── Given entries

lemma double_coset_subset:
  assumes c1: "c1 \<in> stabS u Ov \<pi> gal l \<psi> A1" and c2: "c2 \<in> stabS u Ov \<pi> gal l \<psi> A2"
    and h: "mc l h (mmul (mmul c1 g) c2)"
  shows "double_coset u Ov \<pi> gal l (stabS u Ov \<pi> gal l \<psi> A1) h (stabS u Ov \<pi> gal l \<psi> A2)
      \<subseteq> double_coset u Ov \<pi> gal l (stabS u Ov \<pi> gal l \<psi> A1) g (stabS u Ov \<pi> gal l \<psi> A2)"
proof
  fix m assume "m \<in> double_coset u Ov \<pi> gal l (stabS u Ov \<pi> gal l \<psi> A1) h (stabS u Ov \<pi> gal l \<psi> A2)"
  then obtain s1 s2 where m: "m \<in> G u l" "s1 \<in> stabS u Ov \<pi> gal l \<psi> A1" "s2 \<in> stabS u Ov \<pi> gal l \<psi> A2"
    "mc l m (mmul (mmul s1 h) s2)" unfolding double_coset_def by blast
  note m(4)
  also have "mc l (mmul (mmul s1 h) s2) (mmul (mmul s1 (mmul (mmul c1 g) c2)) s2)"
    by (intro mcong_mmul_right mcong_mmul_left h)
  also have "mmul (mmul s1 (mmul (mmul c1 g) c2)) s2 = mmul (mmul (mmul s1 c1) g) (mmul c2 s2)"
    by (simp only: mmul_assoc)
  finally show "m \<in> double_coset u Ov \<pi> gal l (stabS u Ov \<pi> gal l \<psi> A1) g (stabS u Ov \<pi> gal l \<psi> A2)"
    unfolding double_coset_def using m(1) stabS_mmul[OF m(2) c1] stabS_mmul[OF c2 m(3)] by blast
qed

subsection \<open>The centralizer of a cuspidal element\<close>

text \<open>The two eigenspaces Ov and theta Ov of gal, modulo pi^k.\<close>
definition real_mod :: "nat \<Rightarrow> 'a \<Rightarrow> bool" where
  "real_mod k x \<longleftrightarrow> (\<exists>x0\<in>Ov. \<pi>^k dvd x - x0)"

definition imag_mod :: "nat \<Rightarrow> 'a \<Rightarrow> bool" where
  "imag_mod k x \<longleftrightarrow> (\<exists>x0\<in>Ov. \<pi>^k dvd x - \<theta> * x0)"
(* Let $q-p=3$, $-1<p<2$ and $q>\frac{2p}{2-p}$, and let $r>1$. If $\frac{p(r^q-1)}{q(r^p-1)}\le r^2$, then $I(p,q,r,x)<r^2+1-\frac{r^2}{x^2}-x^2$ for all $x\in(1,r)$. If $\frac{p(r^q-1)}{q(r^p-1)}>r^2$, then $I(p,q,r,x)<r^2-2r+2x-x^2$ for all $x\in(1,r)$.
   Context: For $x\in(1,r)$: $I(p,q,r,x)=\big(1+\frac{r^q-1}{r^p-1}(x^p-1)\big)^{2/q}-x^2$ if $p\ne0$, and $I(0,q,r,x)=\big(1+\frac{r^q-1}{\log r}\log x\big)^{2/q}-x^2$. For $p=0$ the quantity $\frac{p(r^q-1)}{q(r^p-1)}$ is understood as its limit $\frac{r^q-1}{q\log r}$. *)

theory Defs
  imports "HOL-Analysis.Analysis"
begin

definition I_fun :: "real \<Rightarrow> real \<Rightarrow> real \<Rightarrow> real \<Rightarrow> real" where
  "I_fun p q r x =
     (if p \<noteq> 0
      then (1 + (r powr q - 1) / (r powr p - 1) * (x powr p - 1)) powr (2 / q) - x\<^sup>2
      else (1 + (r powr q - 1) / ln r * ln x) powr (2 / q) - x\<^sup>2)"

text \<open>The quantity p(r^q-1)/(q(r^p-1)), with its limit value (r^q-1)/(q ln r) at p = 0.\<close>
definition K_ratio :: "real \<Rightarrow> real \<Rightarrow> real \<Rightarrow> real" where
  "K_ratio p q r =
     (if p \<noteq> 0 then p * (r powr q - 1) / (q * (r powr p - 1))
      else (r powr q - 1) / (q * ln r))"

────
── Given entries

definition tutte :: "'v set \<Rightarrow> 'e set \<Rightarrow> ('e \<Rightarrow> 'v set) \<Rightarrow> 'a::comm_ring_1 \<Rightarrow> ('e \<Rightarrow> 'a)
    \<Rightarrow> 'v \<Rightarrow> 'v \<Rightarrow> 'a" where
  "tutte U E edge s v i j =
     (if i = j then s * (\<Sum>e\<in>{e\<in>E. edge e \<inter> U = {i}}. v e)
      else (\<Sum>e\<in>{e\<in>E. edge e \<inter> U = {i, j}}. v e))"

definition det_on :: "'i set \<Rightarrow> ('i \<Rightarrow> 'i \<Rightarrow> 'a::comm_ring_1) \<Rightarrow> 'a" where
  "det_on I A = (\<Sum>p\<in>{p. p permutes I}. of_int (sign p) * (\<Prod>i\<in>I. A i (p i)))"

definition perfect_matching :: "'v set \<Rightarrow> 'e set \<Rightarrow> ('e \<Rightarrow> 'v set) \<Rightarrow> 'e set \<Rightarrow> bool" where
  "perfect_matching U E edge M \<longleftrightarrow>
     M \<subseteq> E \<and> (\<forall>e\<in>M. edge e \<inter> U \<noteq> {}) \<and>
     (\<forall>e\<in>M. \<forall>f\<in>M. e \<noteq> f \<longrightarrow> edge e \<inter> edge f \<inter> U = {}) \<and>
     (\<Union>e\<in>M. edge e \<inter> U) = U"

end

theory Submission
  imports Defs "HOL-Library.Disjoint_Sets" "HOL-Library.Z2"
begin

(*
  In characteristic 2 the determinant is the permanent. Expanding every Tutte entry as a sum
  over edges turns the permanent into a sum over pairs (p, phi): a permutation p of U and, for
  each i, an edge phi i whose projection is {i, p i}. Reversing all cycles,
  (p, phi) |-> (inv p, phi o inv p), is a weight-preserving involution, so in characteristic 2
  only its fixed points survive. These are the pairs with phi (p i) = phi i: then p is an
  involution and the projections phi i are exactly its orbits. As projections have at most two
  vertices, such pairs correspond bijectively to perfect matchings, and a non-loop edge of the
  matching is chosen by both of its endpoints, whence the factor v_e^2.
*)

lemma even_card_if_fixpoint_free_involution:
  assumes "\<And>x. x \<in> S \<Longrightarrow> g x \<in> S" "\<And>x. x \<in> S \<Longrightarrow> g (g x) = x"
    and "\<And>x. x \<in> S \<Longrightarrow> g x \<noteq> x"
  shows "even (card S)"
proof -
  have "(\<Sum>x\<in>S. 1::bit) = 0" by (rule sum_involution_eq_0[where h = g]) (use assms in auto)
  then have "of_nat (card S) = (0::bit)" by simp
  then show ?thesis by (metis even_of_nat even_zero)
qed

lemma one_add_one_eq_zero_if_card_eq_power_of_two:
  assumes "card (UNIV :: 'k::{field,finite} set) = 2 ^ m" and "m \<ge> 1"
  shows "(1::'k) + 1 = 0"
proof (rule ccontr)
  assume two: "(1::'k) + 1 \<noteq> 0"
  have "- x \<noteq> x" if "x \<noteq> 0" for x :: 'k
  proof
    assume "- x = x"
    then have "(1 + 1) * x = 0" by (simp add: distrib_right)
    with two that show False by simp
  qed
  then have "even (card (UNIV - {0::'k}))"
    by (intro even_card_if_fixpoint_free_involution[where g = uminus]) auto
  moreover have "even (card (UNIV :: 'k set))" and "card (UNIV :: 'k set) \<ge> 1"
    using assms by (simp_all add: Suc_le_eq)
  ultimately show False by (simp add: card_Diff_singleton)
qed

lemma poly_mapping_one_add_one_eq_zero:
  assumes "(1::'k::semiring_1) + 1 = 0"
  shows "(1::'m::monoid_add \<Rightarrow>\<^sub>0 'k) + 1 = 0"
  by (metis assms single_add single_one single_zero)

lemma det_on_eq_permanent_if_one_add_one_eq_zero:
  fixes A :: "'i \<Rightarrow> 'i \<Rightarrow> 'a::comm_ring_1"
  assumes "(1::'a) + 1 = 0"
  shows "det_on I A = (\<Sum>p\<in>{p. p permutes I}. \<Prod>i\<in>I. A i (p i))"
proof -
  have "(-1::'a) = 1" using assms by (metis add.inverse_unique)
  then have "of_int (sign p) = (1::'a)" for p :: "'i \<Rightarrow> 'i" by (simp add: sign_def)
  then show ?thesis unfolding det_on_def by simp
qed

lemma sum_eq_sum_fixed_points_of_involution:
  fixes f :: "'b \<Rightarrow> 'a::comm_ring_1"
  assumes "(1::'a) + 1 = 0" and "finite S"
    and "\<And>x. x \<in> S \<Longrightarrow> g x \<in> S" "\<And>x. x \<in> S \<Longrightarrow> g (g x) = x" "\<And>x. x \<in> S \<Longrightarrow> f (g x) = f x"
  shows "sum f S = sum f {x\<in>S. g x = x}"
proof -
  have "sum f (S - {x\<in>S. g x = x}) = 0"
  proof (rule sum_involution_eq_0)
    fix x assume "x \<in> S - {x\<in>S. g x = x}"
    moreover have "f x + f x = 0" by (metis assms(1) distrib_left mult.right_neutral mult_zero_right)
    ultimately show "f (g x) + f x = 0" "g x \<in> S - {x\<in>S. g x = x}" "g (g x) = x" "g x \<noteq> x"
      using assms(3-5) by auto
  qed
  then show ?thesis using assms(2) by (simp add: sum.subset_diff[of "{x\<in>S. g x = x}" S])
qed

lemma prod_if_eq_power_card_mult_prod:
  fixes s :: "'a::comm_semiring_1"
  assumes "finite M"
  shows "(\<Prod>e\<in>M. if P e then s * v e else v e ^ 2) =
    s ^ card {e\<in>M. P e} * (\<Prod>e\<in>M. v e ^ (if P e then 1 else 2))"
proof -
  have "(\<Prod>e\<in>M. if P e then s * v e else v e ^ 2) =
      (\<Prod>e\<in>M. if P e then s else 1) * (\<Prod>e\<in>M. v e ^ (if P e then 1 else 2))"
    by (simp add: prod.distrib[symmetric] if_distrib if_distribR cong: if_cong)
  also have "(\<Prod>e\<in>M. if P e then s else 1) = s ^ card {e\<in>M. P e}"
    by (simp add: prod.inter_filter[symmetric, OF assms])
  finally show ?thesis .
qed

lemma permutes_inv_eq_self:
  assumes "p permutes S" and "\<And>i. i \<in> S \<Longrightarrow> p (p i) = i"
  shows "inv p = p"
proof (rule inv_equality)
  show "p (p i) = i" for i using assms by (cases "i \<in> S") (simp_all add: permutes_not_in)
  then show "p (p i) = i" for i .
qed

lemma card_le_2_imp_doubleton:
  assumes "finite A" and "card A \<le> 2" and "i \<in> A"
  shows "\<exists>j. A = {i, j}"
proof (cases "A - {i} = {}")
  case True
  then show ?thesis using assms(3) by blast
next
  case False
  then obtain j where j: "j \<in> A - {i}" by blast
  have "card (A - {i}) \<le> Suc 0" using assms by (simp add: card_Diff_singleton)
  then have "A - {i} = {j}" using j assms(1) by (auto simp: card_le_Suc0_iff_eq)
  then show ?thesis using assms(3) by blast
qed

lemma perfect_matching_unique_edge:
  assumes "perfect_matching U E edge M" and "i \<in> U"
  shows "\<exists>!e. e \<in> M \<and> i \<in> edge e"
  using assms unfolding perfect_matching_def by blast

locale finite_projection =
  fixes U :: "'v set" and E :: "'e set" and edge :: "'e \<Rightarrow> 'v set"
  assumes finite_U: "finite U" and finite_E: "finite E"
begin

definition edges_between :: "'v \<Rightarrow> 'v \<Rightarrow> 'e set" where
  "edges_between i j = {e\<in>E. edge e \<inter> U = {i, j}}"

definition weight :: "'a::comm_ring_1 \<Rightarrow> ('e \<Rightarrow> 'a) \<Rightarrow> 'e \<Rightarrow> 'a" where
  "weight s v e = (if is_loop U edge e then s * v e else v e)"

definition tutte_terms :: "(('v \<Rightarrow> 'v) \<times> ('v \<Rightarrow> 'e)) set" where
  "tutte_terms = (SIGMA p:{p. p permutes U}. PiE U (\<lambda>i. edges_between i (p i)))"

────

[Problem requirements]: Your answer must be one number: the count of lines in the entries that contain the string "metis".

[Solution for this exercise]: 4